Using the NTFS journal for backups

This post (in draft for almost 18 months) describes my amateur understanding of an interesting and useful NTFS feature, the USN Journal, and shows how I’m using it as part of a simple backup program in Python. It also gives some examples of how low-level Windows system calls can be made in Python, using the pywin32 modules.

One of the many features of the NTFS file system is its optional journalling. Journalling in the context of file systems usually means writing data to a transaction log, which can be replayed in the event of a crash. (NTFS does do that, but it’s referred to as the NTFS log feature.) This post addresses a different kind of journalling: that performed by the USN Journal.

The USN Journal is a log of all updates to files and directories on the volume. The purpose of it appears to be to provide an efficient way for applications, such as backup tools, to find out what changes have occurred within a given time. A USN is an Update Sequence Number: an incrementing label for each entry in the journal. A period of file system activity recorded in the journal is therefore a range between two USNs.

The journal does have some limitations, though:

  1. It only records metadata changes. It will tell you if a file was opened for writing, but not whether anything was actually written to it (let alone the before and after contents of the file).
  2. It doesn’t record external data changes, such as those caused by cosmic rays, hardware failure, or meddling in the filesystem by other operating systems.
  3. It only has limited space allocated to it. When the space is exhausted, older journal entries are lost. So, an application can use it as an optimisation, but should always provide a fallback for when the journal does not have a complete set of change data.

Journal API

The journal can be manipulated via the DeviceIoControl system call. The USN Journal is reasonably well documented on MSDN, as are the DeviceIoControl control codes relating to it.

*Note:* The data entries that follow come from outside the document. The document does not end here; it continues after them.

definition L_field :: "(nat \<Rightarrow> 'a::field) \<Rightarrow> (nat \<Rightarrow> 'a) \<Rightarrow> nat \<Rightarrow> 'a set" where
  "L_field x y n = gen_field (x ` {1..n} \<union> {y i * y j | i j. 1 \<le> i \<and> i < j \<and> j \<le> n})"

text \<open>G_n: automorphisms of L_n fixing Q(x_1,...,x_n) pointwise (as functions on the
  ambient field; only their values on L_n matter).\<close>
definition G_n :: "(nat \<Rightarrow> 'a::field) \<Rightarrow> (nat \<Rightarrow> 'a) \<Rightarrow> nat \<Rightarrow> ('a \<Rightarrow> 'a) set" where
  "G_n x y n = {\<sigma>. bij_betw \<sigma> (L_field x y n) (L_field x y n)
      \<and> (\<forall>a\<in>L_field x y n. \<forall>b\<in>L_field x y n. \<sigma> (a + b) = \<sigma> a + \<sigma> b \<and> \<sigma> (a * b) = \<sigma> a * \<sigma> b)
      \<and> (\<forall>z\<in>base_field x n. \<sigma> z = z)}"

definition EC :: "(nat \<Rightarrow> 'a::comm_ring_1) \<Rightarrow> (nat \<Rightarrow> 'a) \<Rightarrow> nat set \<Rightarrow> 'a" where
  "EC x y I = (\<Sum>S\<in>{S. S \<subseteq> I \<and> even (card S)}.
      (-1) ^ (card S div 2) * (\<Prod>j\<in>S. y j) * (\<Prod>j\<in>I - S. x j))"

end

theory Submission
  imports Defs
begin

(*
  Write EC_I for EC x y I and let OC_I be the analogous sum over the odd
  subsets of I.  Splitting the subsets of insert k I by whether they contain k gives the
  "angle addition" recurrences
      EC_{I+k} = EC_I x_k - OC_I y_k,      OC_{I+k} = OC_I x_k + EC_I y_k,
  and hence EC_I^2 + OC_I^2 = prod_{j in I} (x_j^2 + y_j^2), which is 1 on the unit circle.
  On the Galois side, sigma_{n-1} acts on every product y_a y_b (a < b) as the substitution
  y_n -> -y_n does: this propagates from adjacent pairs via (y_a y_c)(y_c y_b) = y_c^2 y_a y_b,
  where y_c^2 = 1 - x_c^2 is a nonzero element of the base field.  Every monomial of EC_n
  contains an even number of y's, so sigma_{n-1}(EC_n) = EC_{n-1} x_n + OC_{n-1} y_n, while
  EC_n = EC_{n-1} x_n - OC_{n-1} y_n, and the product formula becomes a polynomial identity.
*)

definition ec_term :: "(nat \<Rightarrow> 'a::comm_ring_1) \<Rightarrow> (nat \<Rightarrow> 'a) \<Rightarrow> nat set \<Rightarrow> nat set \<Rightarrow> 'a" where
  "ec_term x y I S = (-1) ^ (card S div 2) * (\<Prod>j\<in>S. y j) * (\<Prod>j\<in>I - S. x j)"

definition OC :: "(nat \<Rightarrow> 'a::comm_ring_1) \<Rightarrow> (nat \<Rightarrow> 'a) \<Rightarrow> nat set \<Rightarrow> 'a" where
  "OC x y I = (\<Sum>S\<in>{S. S \<subseteq> I \<and> odd (card S)}. ec_term x y I S)"

lemma EC_eq_sum_ec_term: "EC x y I = (\<Sum>S\<in>{S. S \<subseteq> I \<and> even (card S)}. ec_term x y I S)"
  unfolding EC_def ec_term_def by (rule refl)

lemma sum_subsets_insert:
  fixes f :: "nat set \<Rightarrow> 'a::comm_monoid_add"
  assumes "finite I" "k \<notin> I"
  shows "(\<Sum>S\<in>{S. S \<subseteq> insert k I \<and> P (card S)}. f S) =
         (\<Sum>S\<in>{S. S \<subseteq> I \<and> P (card S)}. f S) + (\<Sum>S\<in>{S. S \<subseteq> I \<and> P (Suc (card S))}. f (insert k S))"
proof -
  define g where "g S = (if P (card S) then f S else 0)" for S
  have filter: "(\<Sum>S\<in>{S. S \<subseteq> J \<and> Q S}. h S) = (\<Sum>S\<in>Pow J. if Q S then h S else 0)"
    if "finite J" for J :: "nat set" and Q and h :: "nat set \<Rightarrow> 'a"
    using sum.inter_filter[of "Pow J" h Q] that by (simp add: Pow_def)
  have inj: "inj_on (insert k) (Pow I)"
    using assms(2) by (intro inj_onI) (metis PowD insert_ident subsetD)
  have disjoint: "Pow I \<inter> insert k ` Pow I = {}" using assms(2) by blast
  have card_insert: "card (insert k S) = Suc (card S)" if "S \<in> Pow I" for S
  proof -
    have "finite S" "k \<notin> S" using that assms finite_subset by auto
    then show ?thesis by simp
  qed
  have "(\<Sum>S\<in>{S. S \<subseteq> insert k I \<and> P (card S)}. f S) = sum g (Pow (insert k I))"
    using filter[of "insert k I"] assms(1) unfolding g_def by simp
  also have "\<dots> = sum g (Pow I) + sum (g \<circ> insert k) (Pow I)"
    unfolding Pow_insert using assms(1) disjoint
    by (simp add: sum.union_disjoint sum.reindex[OF inj])
  also have "sum (g \<circ> insert k) (Pow I) = (\<Sum>S\<in>Pow I. if P (Suc (card S)) then f (insert k S) else 0)"
    using card_insert unfolding g_def by (intro sum.cong) simp_all
  finally show ?thesis
    using filter[of I] assms(1) unfolding g_def by simp
qed

lemma ec_term_insert_outside:
  assumes "finite I" "k \<notin> I" "S \<subseteq> I"
  shows "ec_term x y (insert k I) S = ec_term x y I S * x k"
proof -
  have "insert k I - S = insert k (I - S)" using assms by auto
  then show ?thesis using assms unfolding ec_term_def by (simp add: algebra_simps)
qed

lemma ec_term_insert_inside:
  assumes "finite I" "k \<notin> I" "S \<subseteq> I"
  shows "ec_term x y (insert k I) (insert k S) =
           (if odd (card S) then - 1 else 1) * ec_term x y I S * y k"
proof -
  have S: "finite S" "k \<notin> S" using assms finite_subset by auto
  have "insert k I - insert k S = I - S" using assms by auto
  moreover have "Suc (card S) div 2 = (if odd (card S) then Suc (card S div 2) else card S div 2)"
    by presburger
  ultimately show ?thesis using S unfolding ec_term_def by (simp add: algebra_simps)
qed

(* The recurrences obtained by adding one index k to I (angle addition for cos and sin). *)
lemma EC_insert:
  fixes x y :: "nat \<Rightarrow> 'a::comm_ring_1"
  assumes "finite I" "k \<notin> I"
  shows "EC x y (insert k I) = EC x y I * x k - OC x y I * y k"
proof -
  have "EC x y (insert k I) = (\<Sum>S\<in>{S. S \<subseteq> I \<and> even (card S)}. ec_term x y (insert k I) S)
          + (\<Sum>S\<in>{S. S \<subseteq> I \<and> odd (card S)}. ec_term x y (insert k I) (insert k S))"
    unfolding EC_eq_sum_ec_term
    using sum_subsets_insert[OF assms, where P = even and f = "ec_term x y (insert k I)"] by simp
  also have "\<dots> = (\<Sum>S\<in>{S. S \<subseteq> I \<and> even (card S)}. ec_term x y I S * x k)
          + (\<Sum>S\<in>{S. S \<subseteq> I \<and> odd (card S)}. - (ec_term x y I S * y k))"
    using assms by (intro arg_cong2[where f = "(+)"] sum.cong)
                   (simp_all add: ec_term_insert_outside ec_term_insert_inside)
  finally show ?thesis unfolding EC_eq_sum_ec_term OC_def by (simp add: sum_distrib_right sum_negf)
qed

lemma OC_insert:
  fixes x y :: "nat \<Rightarrow> 'a::comm_ring_1"
  assumes "finite I" "k \<notin> I"
  shows "OC x y (insert k I) = OC x y I * x k + EC x y I * y k"
proof -
  have "OC x y (insert k I) = (\<Sum>S\<in>{S. S \<subseteq> I \<and> odd (card S)}. ec_term x y (insert k I) S)
          + (\<Sum>S\<in>{S. S \<subseteq> I \<and> even (card S)}. ec_term x y (insert k I) (insert k S))"
    unfolding OC_def
    using sum_subsets_insert[OF assms, where P = odd and f = "ec_term x y (insert k I)"] by simp
  also have "\<dots> = (\<Sum>S\<in>{S. S \<subseteq> I \<and> odd (card S)}. ec_term x y I S * x k)
          + (\<Sum>S\<in>{S. S \<subseteq> I \<and> even (card S)}. ec_term x y I S * y k)"
    using assms by (intro arg_cong2[where f = "(+)"] sum.cong)
                   (simp_all add: ec_term_insert_outside ec_term_insert_inside)
  finally show ?thesis unfolding EC_eq_sum_ec_term OC_def by (simp add: sum_distrib_right)
qed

It’s also possible to perform the manipulations in Python using the Python for Windows extensions. That’s what I’ve used for my backup program. The code for using DeviceIOControl to query the basic journal information in Python is, for instance:

import struct
import win32file
import winioctlcon

def open_volume(drive):
    volh = win32file.CreateFile('\\\\.\\' + drive, win32file.GENERIC_READ,
            win32file.FILE_SHARE_READ | win32file.FILE_SHARE_WRITE, None,
            win32file.OPEN_EXISTING, win32file.FILE_ATTRIBUTE_NORMAL, None)
    return volh

def close_volume(volh):
    win32file.CloseHandle(volh)

def query_journal(volh):
    fmt = 'QQQQQQQ'
    len = struct.calcsize(fmt)
    buf = win32file.DeviceIoControl(volh, winioctlcon.FSCTL_QUERY_USN_JOURNAL, None, len)
    tup = struct.unpack(fmt, buf)
    return tup

volh = open_volume('C:')
UsnJournalID, FirstUsn, NextUsn, LowestValidUsn, MaxUsn, MaximumSize, AllocationDelta = query_journal(volh)
close_volume(volh)
print 'Journal id is 0x%016x' % UsnJournalID
...

The format QQQQQQQ corresponds to the USN_JOURNAL_DATA_V0 structure defined for use with FSCTL_QUERY_USN_JOURNAL. Most journal commands have defined structures for input and output, which can be created and parsed using Python’s struct module. The wrapper function win32file.DeviceIoControl is slightly simpler than the underlying C function, and takes arguments for the volume handle, control code, input buffer (None if not required), and maximum size of the output buffer. The return value is the output buffer.

Robustness of journal data

The journal mechanism is designed to be robust, in particularly regarding the third limitation mentioned above.

USNs always increment, and journals have unique identifiers that change if the USN range overflows or the journal is recreated. Applications can use the journal id and the last processed USN to determine whether it is safe to use the journal as a complete record of changes, or whether they must process the entire file system, so that the journal can be used in future.

As an example, let’s say C:\Docs is backed up every week. When it finishes a backup, the tool will make a note of the last USN, X, in the journal as at the time the data is backed up. Next time it is run, it replays the journal from X onward, receiving a list of files in C:\Docs that have changed since that time. It can then efficiently backup these files only, knowing that no regular file system activity has altered the contents of any other files.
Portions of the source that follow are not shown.